lemma layout_bounds:
  assumes "0 < w" "1 \<le> h"
  shows "layout w i h < 0 \<longleftrightarrow> i < w" "layout w i h \<noteq> 0" "\<bar>layout w i h\<bar> \<le> int h * int w"
proof -
  define a where "a = i mod w"
  have layout_a: "layout w i h = (if i < w then -1 else 1) * (int h * int w - int a)"
    unfolding layout_def a_def ..
  have "a < w" "w \<le> h * w"
    using assms unfolding a_def by simp_all
  then have "a < h * w"
    by linarith
  then have "0 < int h * int w - int a" "int h * int w - int a \<le> int h * int w"
    by (simp_all flip: of_nat_mult)
  then show "layout w i h < 0 \<longleftrightarrow> i < w" "layout w i h \<noteq> 0" "\<bar>layout w i h\<bar> \<le> int h * int w"
    unfolding layout_a by simp_all
qed

lemma layout_inj:
  assumes "0 < w" "i < 2 * w" "i' < 2 * w" "1 \<le> h" "1 \<le> h'"
    and eq: "layout w i h = layout w i' h'"
  shows "i = i' \<and> h = h'"
proof -
  have same_side: "i < w \<longleftrightarrow> i' < w"
    using eq layout_bounds(1)[OF assms(1,4), of i] layout_bounds(1)[OF assms(1,5), of i'] by simp
  then have "int h * int w - int (i mod w) = int h' * int w - int (i' mod w)"
    using eq unfolding layout_def by (cases "i < w") simp_all
  then have h: "h = h'" and mod: "i mod w = i' mod w"
    using mult_diff_eq_imp_eq[OF mod_less_divisor[OF assms(1)] mod_less_divisor[OF assms(1)]]
    by blast+
  have side: "j div w = (if j < w then 0 else 1)" if "j < 2 * w" for j
  proof (cases "j < w")
    case False
    then have "j div w = 1"
      using that by (intro div_nat_eqI) simp_all
    with False show ?thesis by simp
  qed simp
  have "i div w = i' div w"
    using side[OF assms(2)] side[OF assms(3)] same_side by argo
  then have "i = i'"
    using mod by (metis div_mult_mod_eq)
  with h show ?thesis by simp
qed

definition theta_layout :: "nat list \<Rightarrow> theta_vertex \<Rightarrow> int" where
  "theta_layout l x = (case x of TV i j \<Rightarrow> layout ((length l + 1) div 2) i (l ! i - j) | _ \<Rightarrow> 0)"

lemma theta_layout_simps [simp]:
  "theta_layout l TU = 0" "theta_layout l TW = 0"
  "theta_layout l (TV i j) = layout ((length l + 1) div 2) i (l ! i - j)"
  by (simp_all add: theta_layout_def)

lemma inj_on_theta_layout: "inj_on (theta_layout l) (theta_verts l - {TU})"
proof (rule inj_onI)
  let ?w = "(length l + 1) div 2"
  have TV_facts: "i < 2 * ?w" "1 \<le> l ! i - j" "0 < ?w" if "TV i j \<in> theta_verts l" for i j
    using that by (auto simp: TV_in_theta_verts)
  fix x y
  assume x: "x \<in> theta_verts l - {TU}" and y: "y \<in> theta_verts l - {TU}"
    and eq: "theta_layout l x = theta_layout l y"
  show "x = y"
  proof (cases x)
    case (TV i j)
    note x_TV = this
    show ?thesis
    proof (cases y)
      case (TV i' j')
      have xV: "TV i j \<in> theta_verts l" and yV: "TV i' j' \<in> theta_verts l"
        using x y x_TV TV by auto
      have "layout ?w i (l ! i - j) = layout ?w i' (l ! i' - j')"
        using eq x_TV TV by simp
      then have "i = i' \<and> l ! i - j = l ! i' - j'"
        by (rule layout_inj[OF TV_facts(3)[OF xV] TV_facts(1)[OF xV] TV_facts(1)[OF yV]
              TV_facts(2)[OF xV] TV_facts(2)[OF yV]])
      then show ?thesis
        using x y x_TV TV by (auto simp: TV_in_theta_verts)
    qed (use x y eq x_TV layout_bounds(2) TV_facts in auto)
  next
    case TW
    then show ?thesis
      using x y eq layout_bounds(2) TV_facts by (cases y) auto
  qed (use x in simp)
qed

lemma theta_layout_near_TW:
  assumes two: "\<forall>i<length l. 2 \<le> l ! i"
    and G: "graph_square (theta_verts l) (theta_adj l) TW y" and "y \<noteq> TU"
  shows "\<bar>theta_layout l y\<bar> \<le> 2 * int ((length l + 1) div 2)"
proof -
  let ?w = "(length l + 1) div 2"
  obtain i where i: "i < length l" and y: "y = TV i (l ! i - 1) \<or> y = theta_pos l i (l ! i - 2)"
    using theta_square_TW[OF two G] by blast
  have li: "2 \<le> l ! i"
    using two i by blast
  have "0 < ?w"
    using i by simp
  have bound: "\<bar>layout ?w i h\<bar> \<le> 2 * int ?w" if "1 \<le> h" "h \<le> 2" for h
  proof -
    have "int h * int ?w \<le> 2 * int ?w"
      using that by (intro mult_right_mono) simp_all
    then show ?thesis
      using layout_bounds(3)[OF \<open>0 < ?w\<close> that(1), of i] by linarith
  qed
  from y show ?thesis
  proof
    assume "y = TV i (l ! i - 1)"
    moreover have "l ! i - (l ! i - 1) = 1"
      using li by simp
    ultimately show ?thesis
      using bound[of 1] by simp
  next
    assume y2: "y = theta_pos l i (l ! i - 2)"
    then have "l ! i \<noteq> 2"
      using \<open>y \<noteq> TU\<close> by auto
    then have "y = TV i (l ! i - 2)" "l ! i - (l ! i - 2) = 2"
      using y2 li by (simp_all add: theta_pos_TV)
    then show ?thesis
      using bound[of 2] by simp
  qed
qed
-----
_WORK INSTRUCTIONS_
From the records above, copy only the lines starting with the line that holds "unfolding layout_a by simp_all" and going on through the line that holds "< w \<longleftrightarrow>", exactly as written.

_RESULT OF THIS TASK_
    unfolding layout_a by simp_all
qed

lemma layout_inj:
  assumes "0 < w" "i < 2 * w" "i' < 2 * w" "1 \<le> h" "1 \<le> h'"
    and eq: "layout w i h = layout w i' h'"
  shows "i = i' \<and> h = h'"
proof -
  have same_side: "i < w \<longleftrightarrow> i' < w"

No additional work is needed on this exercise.